FUNDAMENTOS TÉCNICOS Y RAZONES LÓGICAS
La preferencia de paso de quién cruza por la derecha no es antojadiza. Responde a relevantes razones técnicas que inciden especialmente en la visibilidad. Parte de un simple hecho, como lo es, que los automóviles tienen el volante a la izquierda y en consecuencia el parante del mismo lado está mucho más cerca de sus conductores. Al acercarse a la bocacalle por el lado izquierdo, el ángulo de visibilidad que tienen para el lado derecho es mucho mayor y abarca todo el parabrisas. En forma especial y de esos hechos técnicos derivan dos razones. La primera es que el parante del lado derecho queda mucho más alejado del conductor, ello aumenta su línea de visión y tienen todo el espectro del parabrisas para advertir la circulación de quién se acerca por la derecha. La segunda: Al percibir con mayor antelación la presencia del otro vehículo se ganan para la reacción muchos segundos. En cambio el ángulo de visión del quién circula por la derecha es mucho más reducido. El parante del lado izquierdo, por su cercanía, afecta su visión.

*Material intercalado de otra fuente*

lemma Lp_closure_A_u_of_moment_le:
  assumes "prob_space M" "0 < q" "memLp M q Y" "(\<integral>\<omega>. \<bar>Y \<omega>\<bar> powr q \<partial>M) \<le> - \<alpha>"
  shows "Y \<in> Lp_closure M q (A_u M q \<alpha>)"
proof -
  interpret prob_space M by fact
  have [measurable]: "Y \<in> borel_measurable M" and iY: "integrable M (\<lambda>\<omega>. \<bar>Y \<omega>\<bar> powr q)"
    using assms(3) by (auto simp: memLp_def)
  define T where "T n \<omega> = max (- real n) (min (real n) (Y \<omega>))" for n \<omega>
  have T_Linf: "T n \<in> Linf M" for n
    unfolding Linf_def T_def by (auto intro!: exI[of _ "real n"])
  have "T n \<in> A_u M q \<alpha>" for n
  proof -
    have "- \<alpha> \<ge> (\<integral>\<omega>. \<bar>Y \<omega>\<bar> powr q \<partial>M)" by fact
    also have "(\<integral>\<omega>. \<bar>Y \<omega>\<bar> powr q \<partial>M) \<ge> (\<integral>\<omega>. - u_q q (T n \<omega>) \<partial>M)"
    proof (rule integral_mono)
      fix \<omega>
      have "\<bar>T n \<omega>\<bar> \<le> \<bar>Y \<omega>\<bar>" by (auto simp: T_def)
      then show "- u_q q (T n \<omega>) \<le> \<bar>Y \<omega>\<bar> powr q"
        using u_q_ge_minus_powr[of q "T n \<omega>" "Y \<omega>"] assms(2) by linarith
    qed (use integrable_u_q_Linf[OF finite_measure_axioms T_Linf] assms(2) iY in auto)
    finally show ?thesis using T_Linf by (auto simp: A_u_def)
  qed
  then show ?thesis
    using assms(3) tendsto_Lp_truncation[OF assms(2,3)] unfolding Lp_closure_def
    by (intro CollectI conjI exI[of _ T]) (simp_all add: T_def)
qed

lemma index_set_A_u_mem:
  assumes "prob_space M" "1 \<le> q" "\<alpha> < 0"
  shows "q \<in> index_set M (A_u M q \<alpha>)"
proof -
  interpret prob_space M by fact
  have q0: "0 < q" using assms(2) by simp
  define \<epsilon> where "\<epsilon> = (- \<alpha>) powr (1/q)"
  have "0 < \<epsilon>" using assms(3) by (simp add: \<epsilon>_def)
  have \<epsilon>_powr: "\<epsilon> powr q = - \<alpha>" using q0 assms(3) by (simp add: \<epsilon>_def powr_powr)
  have zero: "memLp M q (\<lambda>\<omega>. 0)" using q0 by (simp add: memLp_def)
  have "Y \<in> Lp_closure M q (A_u M q \<alpha>)"
    if "memLp M q Y" "Lp_norm M q (\<lambda>\<omega>. Y \<omega> - 0) < \<epsilon>" for Y
    using that Lp_closure_A_u_of_moment_le[OF assms(1) q0, of Y \<alpha>]
    by (simp add: Lp_norm_less_iff[OF q0 \<open>0 < \<epsilon>\<close>] \<epsilon>_powr)
  moreover have "(\<lambda>\<omega>. 0) \<in> Lp_closure M q (A_u M q \<alpha>)"
    using Lp_closure_A_u_of_moment_le[OF assms(1) q0 zero] assms(3) by simp
  ultimately show ?thesis
    unfolding index_set_def Lp_interior_nonempty_def using assms(2) zero \<open>0 < \<epsilon>\<close> by blast
qed

lemma nonatomic_halving_subset:
  assumes "finite_measure M" "nonatomic M" "A \<in> sets M" "0 < measure M A"
  obtains B where "B \<in> sets M" "B \<subseteq> A" "0 < measure M B" "measure M B \<le> measure M A / 2"
proof -
  interpret finite_measure M by fact
  obtain B where B: "B \<in> sets M" "B \<subseteq> A" "0 < measure M B" "measure M B < measure M A"
    using assms(2-4) unfolding nonatomic_def by blast
  have "measure M (A - B) = measure M A - measure M B"
    using B assms(3) by (intro finite_measure_Diff) auto
  then show thesis
    using that[of B] that[of "A - B"] B assms(3) by (cases "measure M B \<le> measure M A / 2") auto
qed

Cuando más cerca conduzca del volante menos visión hacia la izquierda tiene. El parante tapa por unos instantes la visión y concede mucho menor tiempo de reacción. Puede llegar, por un instante, a no advertirse la presencia de una moto, que resulta cubierta por el parante.

CONSIDERACIONES FINALES
La ley de tránsito ha instituido el principio o institución de “la preferencia de la derecha-izquierda, excluyendo en forma absoluta la del ingreso prioritario”. Esto no quiere decir que el preferente tenga derecho a cruzar como sea, como si tuviera “licencia para matar”. Quién conduce una cosa peligrosa –como es un automotor- y tiene preferencia de paso debe incrementar su prudencia. No debe ser prepotente y agresivo. Tiene que prever el daño que pueda causar. Es decir teniendo conciencia del daño que pueda causar y no obstante no le importa, conduciendo en tal caso con “dolo eventual”. Debe saber y tener en cuenta que la preferencia se le ha otorgado para poder organizar y ordenar el tránsito. En beneficio de todos, especialmente de terceros. Por ello debe conducir incrementando sus cuidados y hacer uso de su preferencia con toda consideración y respeto. Sin prepotencia. Sin soberbia. Y tener presente que en la cuadra siguiente se invierte su rol, que de preferente, pasa a ser pospuesto.